I adapted the conversions as in Parmed and the results are better, but still off propaneRB

I noticed that QForce is printing the dihedrals H-C-C-C and C-C-C-H. I added manually the H-C-C-H dihedral and the vib. freq. get close to the QM reference. I think this may be what was missing. The .itp also doesn't print it, so I suppose Gromacs don't need it. Is there a way to retrieve this dihedral inside QForce? propaneHCCH

selimsami commented 1 year ago

Hi @mateuszanotto , Could you push the latest version of the code so I can have a look at it? Q-Force does not put a dihedral function in the non-primary direction of the dihedral (in this case: H-C-C-C), so I don't think that's the issue. And if it was, the same issue would also exist in GROMACS.

mateuszanotto commented 1 year ago

I just pushed the latest version. The case is that Amber's topology/coordinate generator asks for this non-primary direction.

Screenshot 2023-04-13 at 14 10 27

The program was taking the HCCC dihedral param. for this entry before. Though I understand that making Q-Force put dihedral functions for non-primary dihedrals is more complicated, right?

selimsami commented 1 year ago

3 questions:

  1. Maybe I'm missing something but why the c = dihed.equ/2 ?
  2. In the example I shared, equ = 0 always. Though I managed to reproduce the RB potential with equ = 180. Could you try those two options please?
  3. What happens if you add manually a dihedral function with no barrier (so no potential) to H-C-C-H ?
mateuszanotto commented 1 year ago

Hi @selimsami

Answering your questions: First, writing a function with no barrier for the H-C-C-H works quite well, so I did all the tests using it.

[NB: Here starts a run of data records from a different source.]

lemma (in field) flag_orbit_eq_image:
  "flag_orbit R \<beta> F = (\<lambda>j. flag_mult R F (\<beta> [^] j)) ` {..<group.ord (mult_of R) \<beta>}"
  unfolding flag_orbit_def by auto

lemma (in field) ord_mult_of_gt_1:
  assumes "finite (carrier R)" "\<beta> \<in> carrier R" "\<beta> \<noteq> \<zero>" "\<beta> \<noteq> \<one>"
  shows "1 < group.ord (mult_of R) \<beta>"
proof -
  have mult_of_eq: "mult_of R = Multiplicative_Group.mult_of R"
    by (simp add: Ring_Divisibility.mult_of_def Multiplicative_Group.mult_of_def)
  interpret G: group "mult_of R" unfolding mult_of_eq by (rule field_mult_group)
  show ?thesis
    using G.ord_ge_1[of \<beta>] G.ord_eq_1[of \<beta>] assms by fastforce
qed

lemma (in field) flag_orbit_elem:
  assumes "\<beta> \<in> carrier R" "\<beta> \<noteq> \<zero>" "P \<in> flag_orbit R \<beta> F"
  obtains a where "a \<in> carrier R" "a \<noteq> \<zero>" "P = flag_mult R F a"
proof -
  obtain j :: nat where "P = flag_mult R F (\<beta> [^] j)" using assms(3) unfolding flag_orbit_def by blast
  moreover have "\<beta> [^] j \<in> carrier R - {\<zero>}"
    using mult_of.nat_pow_closed[of \<beta> j] assms(1,2) by (simp add: Ring_Divisibility.nat_pow_mult_of)
  ultimately show thesis using that by blast
qed

lemma (in field) card_flag_orbit_neq_1:
  assumes fin: "finite (carrier R)" and \<beta>: "\<beta> \<in> carrier R" "\<beta> \<noteq> \<zero>"
    and i: "i < length F" "F ! i \<subseteq> carrier R" "\<beta> \<notin> mult_stabilizer R (F ! i)"
  shows "card (flag_orbit R \<beta> F) \<noteq> 1"
proof
  assume "card (flag_orbit R \<beta> F) = 1"
  then obtain P where P: "flag_orbit R \<beta> F = {P}" by (rule card_1_singletonE)
  have "\<beta> \<noteq> \<one>" using i(2,3) by (auto simp: mult_stabilizer_def subsetD)
  hence "0 < group.ord (mult_of R) \<beta>" "1 < group.ord (mult_of R) \<beta>"
    using ord_mult_of_gt_1[OF fin \<beta>] by auto
  hence "flag_mult R F (\<beta> [^] (0::nat)) \<in> {P}" "flag_mult R F (\<beta> [^] (1::nat)) \<in> {P}"
    unfolding P[symmetric] flag_orbit_def by blast+
  hence "flag_mult R F \<one> ! i = flag_mult R F \<beta> ! i" using \<beta>(1) by simp
  hence "set_rmult R (F ! i) \<beta> = F ! i" using i(1,2) set_rmult_one by (simp add: flag_mult_nth)
  thus False using set_rmult_eq_iff_stabilizer[OF finite_subset[OF i(2) fin] i(2) \<beta>] i(3) by simp
qed

lemma min_flag_dist_attained:
  assumes "finite C" "C \<noteq> {}" "card C \<noteq> 1"
  obtains P Q where "P \<in> C" "Q \<in> C" "P \<noteq> Q" "min_flag_dist R K C = flag_dist R K P Q"
proof -
  let ?D = "{flag_dist R K P Q | P Q. P \<in> C \<and> Q \<in> C \<and> P \<noteq> Q}"
  have "finite ?D"
    using finite_subset[of ?D "(\<lambda>(P, Q). flag_dist R K P Q) ` (C \<times> C)"] assms(1) by auto
  moreover have "?D \<noteq> {}"
    using assms card_le_Suc0_iff_eq[OF assms(1)] by (auto simp: card_gt_0_iff le_Suc_eq)
  ultimately have "Min ?D \<in> ?D" by (rule Min_in)
  thus ?thesis using that assms(3) unfolding min_flag_dist_def by auto
qed
(* Let $\alpha>1$ and let $A=1+\left(\frac{2}{2\alpha-1}\right)^{2\alpha-1}\alpha^\alpha(\alpha-1)^{\alpha-1}$. Then the norm of the Ces\`aro operator on the $\alpha$-Bloch space satisfies $$\|\mathcal{C}\|_{\mathcal{B}^\alpha\to\mathcal{B}^\alpha}\le\begin{cases}\max\left\{A,\dfrac{2^\alpha}{\alpha-1}\right\}, & 1<\alpha\le 2,\\[1em] \max\left\{A,\,2^\alpha\dfrac{2^\alpha-\alpha-1}{(\alpha-1)^2}\right\}, & \alpha>2.\end{cases}$$
   Context: $\mathbb{D}$ is the open unit disc and $H(\mathbb{D})$ the space of analytic functions on $\mathbb{D}$. For $f(z)=\sum_{k\ge0}a_kz^k\in H(\mathbb{D})$ the Ces\`aro operator is $\mathcal{C}(f)(z)=\sum_{n\ge0}\Big(\frac{1}{n+1}\sum_{k=0}^n a_k\Big)z^n=\int_0^1\frac{f(tz)}{1-tz}\,dt$. For $\alpha>0$ the $\alpha$-Bloch space $\mathcal{B}^\alpha$ consists of $f\in H(\mathbb{D})$ with $\sup_{z\in\mathbb{D}}(1-|z|^2)^\alpha|f'(z)|<\infty$, normed by $\|f\|_{\mathcal{B}^\alpha}=|f(0)|+\sup_{z\in\mathbb{D}}(1-|z|^2)^\alpha|f'(z)|$. Operator norms are $\|\mathcal{C}\|_{X\to Y}=\sup\{\|\mathcal{C}f\|_Y:\|f\|_X\le 1\}$. *)

theory Defs
  imports "HOL-Complex_Analysis.Complex_Analysis"
begin

definition cesaro :: "(complex \<Rightarrow> complex) \<Rightarrow> complex \<Rightarrow> complex" where
  "cesaro f z = integral {0..1} (\<lambda>t::real. f (of_real t * z) / (1 - of_real t * z))"

definition bloch_space :: "real \<Rightarrow> (complex \<Rightarrow> complex) set" where
  "bloch_space \<alpha> = {f. f holomorphic_on ball 0 1 \<and>
      bdd_above ((\<lambda>z. (1 - (cmod z)\<^sup>2) powr \<alpha> * cmod (deriv f z)) ` ball 0 1)}"

definition bloch_norm :: "real \<Rightarrow> (complex \<Rightarrow> complex) \<Rightarrow> real" where
  "bloch_norm \<alpha> f = cmod (f 0) + (SUP z\<in>ball 0 1. (1 - (cmod z)\<^sup>2) powr \<alpha> * cmod (deriv f z))"

definition cesaro_bloch_opnorm :: "real \<Rightarrow> ereal" where
  "cesaro_bloch_opnorm \<alpha> =
     (SUP f\<in>{f\<in>bloch_space \<alpha>. bloch_norm \<alpha> f \<le> 1}.
        (if cesaro f \<in> bloch_space \<alpha> then ereal (bloch_norm \<alpha> (cesaro f)) else \<infinity>))"

end

theory Submission
  imports Defs
begin

text \<open>
  Write \<open>C f z = \<integral>\<^sub>0\<^sup>1 h (t z) dt\<close> with \<open>h w = f w / (1 - w)\<close>; then \<open>(C f)' z = \<integral>\<^sub>0\<^sup>1 t h' (t z) dt\<close>
  and \<open>h' = f' / (1 - w) + f / (1 - w)^2\<close>. If \<open>M\<close> is the Bloch seminorm of \<open>f\<close>, then
  \<open>|f' w| \<le> M (1 - |w|)^(-\<alpha>)\<close> and, integrating along the radius,
  \<open>|f w| \<le> |f 0| + M ((1 - |w|)^(1 - \<alpha>) - 1) / (\<alpha> - 1)\<close>. The resulting bound for the
  integrand has an explicit antiderivative; evaluated and multiplied by \<open>(1 - r^2)^\<alpha>\<close>,
  \<open>r = |z|\<close>, it becomes \<open>|f 0| (1 + r)^\<alpha> (1 - r)^(\<alpha> - 1) + M (1 + r)^\<alpha> (1 - (1 - r)^(\<alpha> - 1)) / ((\<alpha> - 1) r)\<close>.
  The first weight is at most \<open>A - 1\<close> by weighted AM-GM, the second is bounded by elementary
  estimates of \<open>(1 - r)^(\<alpha> - 1)\<close>. As \<open>C f 0 = f 0\<close> and \<open>|f 0| + M \<le> 1\<close>, the Bloch norm of
  \<open>C f\<close> is at most the larger of the two constants.
\<close>

section \<open>Real inequalities\<close>

lemma two_powr_ge_double:
  fixes a :: real
  assumes "a \<ge> 2"
  shows "2 * a \<le> 2 powr a"
proof -
  define t where "t = a - 2"
  define x where "x = t * ln 2"
  have t: "t \<ge> 0" using assms by (simp add: t_def)
  have "2 powr a = 2 powr 2 * 2 powr t"
    using powr_add[of 2 2 t] by (simp add: t_def)
  also have "\<dots> = 4 * exp x"
    by (simp add: x_def powr_def[of 2 t])
  finally have "2 powr a = 4 * exp x" .
  moreover have "1 + x \<le> exp x"
    by (rule exp_ge_add_one_self)
  moreover have "2 * t \<le> 3 * x"
    using mult_left_mono[OF ln2_ge_two_thirds t] by (simp add: x_def)
  ultimately show ?thesis
    using t t_def by linarith
qed
definition nonneg_mat :: "nat \<Rightarrow> (nat \<Rightarrow> nat \<Rightarrow> real) \<Rightarrow> bool" where
  "nonneg_mat m Z \<longleftrightarrow> (\<forall>i\<le>2*m. \<forall>j\<le>m. 0 \<le> Z i j)"

lemma banded_assocW: "banded m (assocW m x)"
  by (auto simp: banded_def assocW_def)

lemma nonneg_mat_assocW: "\<forall>j\<le>m. 0 \<le> x j \<Longrightarrow> nonneg_mat m (assocW m x)"
  by (auto simp: nonneg_mat_def assocW_def)

lemma sum_shift_interval: "(\<Sum>i=j..j+m. f i) = (\<Sum>i\<le>m. f (i + j :: nat))"
  using sum.shift_bounds_cl_nat_ivl[of f 0 j m] by (simp add: atLeast0AtMost add.commute)

lemma Yhat_eq_diagonal_sums: "Yhat m Z j = (\<Sum>i\<le>m. Z (i + j) i) + (\<Sum>i\<le>m. Z (i + j) j)"
  by (simp add: Yhat_def sum_shift_interval)

lemma sum_column_banded:
  assumes "banded m Z" "j \<le> m"
  shows "(\<Sum>i\<le>2*m. Z i j * f i) = (\<Sum>k\<le>m. Z (k + j) j * f (k + j))"
proof -
  have "(\<Sum>i\<le>2*m. Z i j * f i) = (\<Sum>i=j..j+m. Z i j * f i)"
    by (rule sum.mono_neutral_right) (use assms in \<open>auto simp: banded_def\<close>)
  then show ?thesis by (simp add: sum_shift_interval)
qed

lemma sum_banded_mult_pair:
  assumes "banded m Z"
  shows "(\<Sum>i\<le>2*m. \<Sum>j\<le>m. Z i j * (a (i - j) + a j)) = (\<Sum>k\<le>m. Yhat m Z k * a k)"
proof -
  have "(\<Sum>i\<le>2*m. \<Sum>j\<le>m. Z i j * (a (i - j) + a j))
      = (\<Sum>j\<le>m. \<Sum>k\<le>m. Z (k + j) j * (a k + a j))"
    using sum_column_banded[OF assms] by (subst sum.swap) simp
  also have "\<dots> = (\<Sum>k\<le>m. \<Sum>j\<le>m. Z (j + k) j * a k) + (\<Sum>j\<le>m. \<Sum>k\<le>m. Z (k + j) j * a j)"
    by (subst sum.swap) (simp add: distrib_left sum.distrib add.commute)
  also have "\<dots> = (\<Sum>k\<le>m. Yhat m Z k * a k)"
    by (simp add: Yhat_eq_diagonal_sums distrib_right sum.distrib sum_distrib_right)
  finally show ?thesis .
qed

lemma sum_Yhat:
  assumes "banded m Z"
  shows "(\<Sum>k\<le>m. Yhat m Z k) = 2 * (\<Sum>i\<le>2*m. \<Sum>j\<le>m. Z i j)"
  using sum_banded_mult_pair[OF assms, of "\<lambda>_. 1"]
  by (simp add: sum_distrib_left mult.commute)

lemma Yhat_nonneg: "nonneg_mat m Z \<Longrightarrow> j \<le> m \<Longrightarrow> 0 \<le> Yhat m Z j"
  unfolding Yhat_def nonneg_mat_def by (intro add_nonneg_nonneg sum_nonneg) auto

lemma entry_le_Yhat:
  assumes "nonneg_mat m Z" "j \<le> m" "j \<le> i" "i \<le> j + m"
  shows "Z i j \<le> Yhat m Z (i - j)" "Z i j \<le> Yhat m Z j"
proof -
  have "Z (j + (i - j)) j \<le> (\<Sum>l\<le>m. Z (l + (i - j)) l)"
    by (rule member_le_sum) (use assms in \<open>auto simp: nonneg_mat_def\<close>)
  moreover have "Z (i - j + j) j \<le> (\<Sum>l\<le>m. Z (l + j) j)"
    by (rule member_le_sum) (use assms in \<open>auto simp: nonneg_mat_def\<close>)
  moreover have "0 \<le> (\<Sum>l\<le>m. Z (l + (i - j)) (i - j))" "0 \<le> (\<Sum>l\<le>m. Z (l + j) l)"
    using assms by (auto simp: nonneg_mat_def intro!: sum_nonneg)
  ultimately show "Z i j \<le> Yhat m Z (i - j)" "Z i j \<le> Yhat m Z j"
    using assms(3) by (auto simp: Yhat_eq_diagonal_sums add.commute)
qed

lemma Yhat_assocW:
  assumes "k \<le> m"
  shows "Yhat m (assocW m x) k = 2 * (\<Sum>l\<le>m. x l) * x k"
  using assms
  by (simp add: Yhat_eq_diagonal_sums assocW_def sum_distrib_left sum_distrib_right mult_ac)

lemma support_assocW:
  assumes "nonneg_mat m Z" "banded m Z" "\<forall>k\<le>m. 0 < Yhat m Z k \<longrightarrow> 0 < x k"
    and "i \<le> 2*m" "j \<le> m" "Z i j \<noteq> 0"
  shows "j \<le> i" "i \<le> j + m" "0 < x (i - j)" "0 < x j"
proof -
  show band: "j \<le> i" "i \<le> j + m"
    using assms(2,4-6) unfolding banded_def by (meson not_le)+
  have "0 < Z i j"
    using assms(1,4-6) by (auto simp: nonneg_mat_def order_le_less)
  then have "0 < Yhat m Z (i - j)" "0 < Yhat m Z j"
    using entry_le_Yhat[OF assms(1,5) band] by linarith+
  then show "0 < x (i - j)" "0 < x j"
    using assms(3,5) band by auto
qed

lemma assocW_pos_on_support:
  assumes "nonneg_mat m Z" "banded m Z" "\<forall>k\<le>m. 0 < Yhat m Z k \<longrightarrow> 0 < x k"
    and "i \<le> 2*m" "j \<le> m" "Z i j \<noteq> 0"
  shows "0 < assocW m x i j"
  using support_assocW[OF assms] assms(5) by (simp add: assocW_def)

lemma sum_mult_ln_assocW:
  assumes "nonneg_mat m Z" "banded m Z" "\<forall>k\<le>m. 0 < Yhat m Z k \<longrightarrow> 0 < x k"
  shows "(\<Sum>i\<le>2*m. \<Sum>j\<le>m. Z i j * ln (assocW m x i j)) = (\<Sum>k\<le>m. Yhat m Z k * ln (x k))"
proof -
  have "Z i j * ln (assocW m x i j) = Z i j * (ln (x (i - j)) + ln (x j))"
    if "i \<le> 2*m" "j \<le> m" for i j
  proof (cases "Z i j = 0")
    case False
    from support_assocW[OF assms that False] that show ?thesis
      by (simp add: assocW_def ln_mult)
  qed simp
  then have "(\<Sum>i\<le>2*m. \<Sum>j\<le>m. Z i j * ln (assocW m x i j))
      = (\<Sum>i\<le>2*m. \<Sum>j\<le>m. Z i j * (ln (x (i - j)) + ln (x j)))"
    by (intro sum.cong) auto
  also have "\<dots> = (\<Sum>k\<le>m. Yhat m Z k * ln (x k))"
    by (rule sum_banded_mult_pair[OF assms(2)])
  finally show ?thesis .
qed

lemma idiv_term_nonneg:
  assumes "0 \<le> a" "0 \<le> b"
  shows "0 \<le> idiv_term a b"
proof (cases "a = 0 \<or> b = 0")
  case False
  then have "0 < a" "0 < b" using assms by auto
  then have "a * ln (b / a) \<le> a * (b / a - 1)"
    by (intro mult_left_mono ln_le_minus_one) auto
  moreover have "a * (b / a - 1) = b - a" "ln (a / b) = - ln (b / a)"
    using \<open>0 < a\<close> \<open>0 < b\<close> by (simp_all add: field_simps ln_div)
  ultimately have "a - b \<le> a * ln (a / b)"
    by simp
  with False show ?thesis by (simp add: idiv_term_def)
qed (use assms in \<open>auto simp: idiv_term_def\<close>)

lemma idiv_nonneg: "nonneg_mat m M \<Longrightarrow> nonneg_mat m N \<Longrightarrow> 0 \<le> idiv m M N"
  unfolding idiv_def nonneg_mat_def by (intro sum_nonneg idiv_term_nonneg) auto

lemma idiv_eq_infinity:
  assumes "i \<le> 2*m" "j \<le> m" "0 < M i j" "N i j = 0"
  shows "idiv m M N = \<infinity>"
proof -
  have "(\<Sum>j\<le>m. idiv_term (M i j) (N i j)) = \<infinity>"
    using assms by (subst sum_Pinfty) (auto simp: idiv_term_def intro!: bexI[of _ j])
  then show ?thesis
    unfolding idiv_def using assms by (subst sum_Pinfty) (auto intro!: bexI[of _ i])
qed

definition idiv_real_term :: "real \<Rightarrow> real \<Rightarrow> real" where
  "idiv_real_term a b = a * ln a - a * ln b - a + b"

lemma idiv_eq_real_sum:
  assumes "nonneg_mat m M" "\<forall>i\<le>2*m. \<forall>j\<le>m. M i j \<noteq> 0 \<longrightarrow> 0 < N i j"
  shows "idiv m M N = ereal (\<Sum>i\<le>2*m. \<Sum>j\<le>m. idiv_real_term (M i j) (N i j))"
proof -
  have "idiv_term (M i j) (N i j) = ereal (idiv_real_term (M i j) (N i j))"
    if "i \<le> 2*m" "j \<le> m" for i j
  proof (cases "M i j = 0")
    case False
    with assms that have "0 < M i j" "0 < N i j"
      by (auto simp: nonneg_mat_def order_le_less)
    then show ?thesis
      by (simp add: idiv_term_def idiv_real_term_def ln_div algebra_simps)
  qed (simp add: idiv_term_def idiv_real_term_def)
  then show ?thesis
    by (simp add: idiv_def)
qed

lemma idiv_real_term_split:
  "idiv_real_term a c = idiv_real_term a b + idiv_real_term b c + (b - a) * (ln c - ln b)"
  by (simp add: idiv_real_term_def algebra_simps)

  1. Amber's dihedral function uses Vn/2 Screenshot 2023-04-14 at 10 47 01

    but internally it's passed as Vn/divider (the eq. 15.5 that I showed before).

The .frcmod files are being written with the divider=1 and the c = dihed.equ/2, but I can switch it so it's less confusing. Just to be sure I calculated the freq. using c = dihed.equ and div=1. This is the result. propaneCn1

  1. Using equ=0 changes mainly the first 2 vib. modes. I understand that this will affect if the molecule prefers the trans (phi=180) or cis (phi=0) conformation, which is not relevant for propane. I alternate them because the parameters are fitted for 1+cos(n phi)=cos(n phi-0) and 1-cos(n phi)=cos(n phi-180), is that correct? propanePhase0

  2. Finally, these are the vib. modes with a function with no barrier for the H-C-C-H. Here I'm using a Fourier with 6 terms converted as in Parmed, the alternating phases, c = dihed.equ, and div = 2. propaneHCCH0 I did it with c = dihed.equ/2, and div = 1, and it's the same.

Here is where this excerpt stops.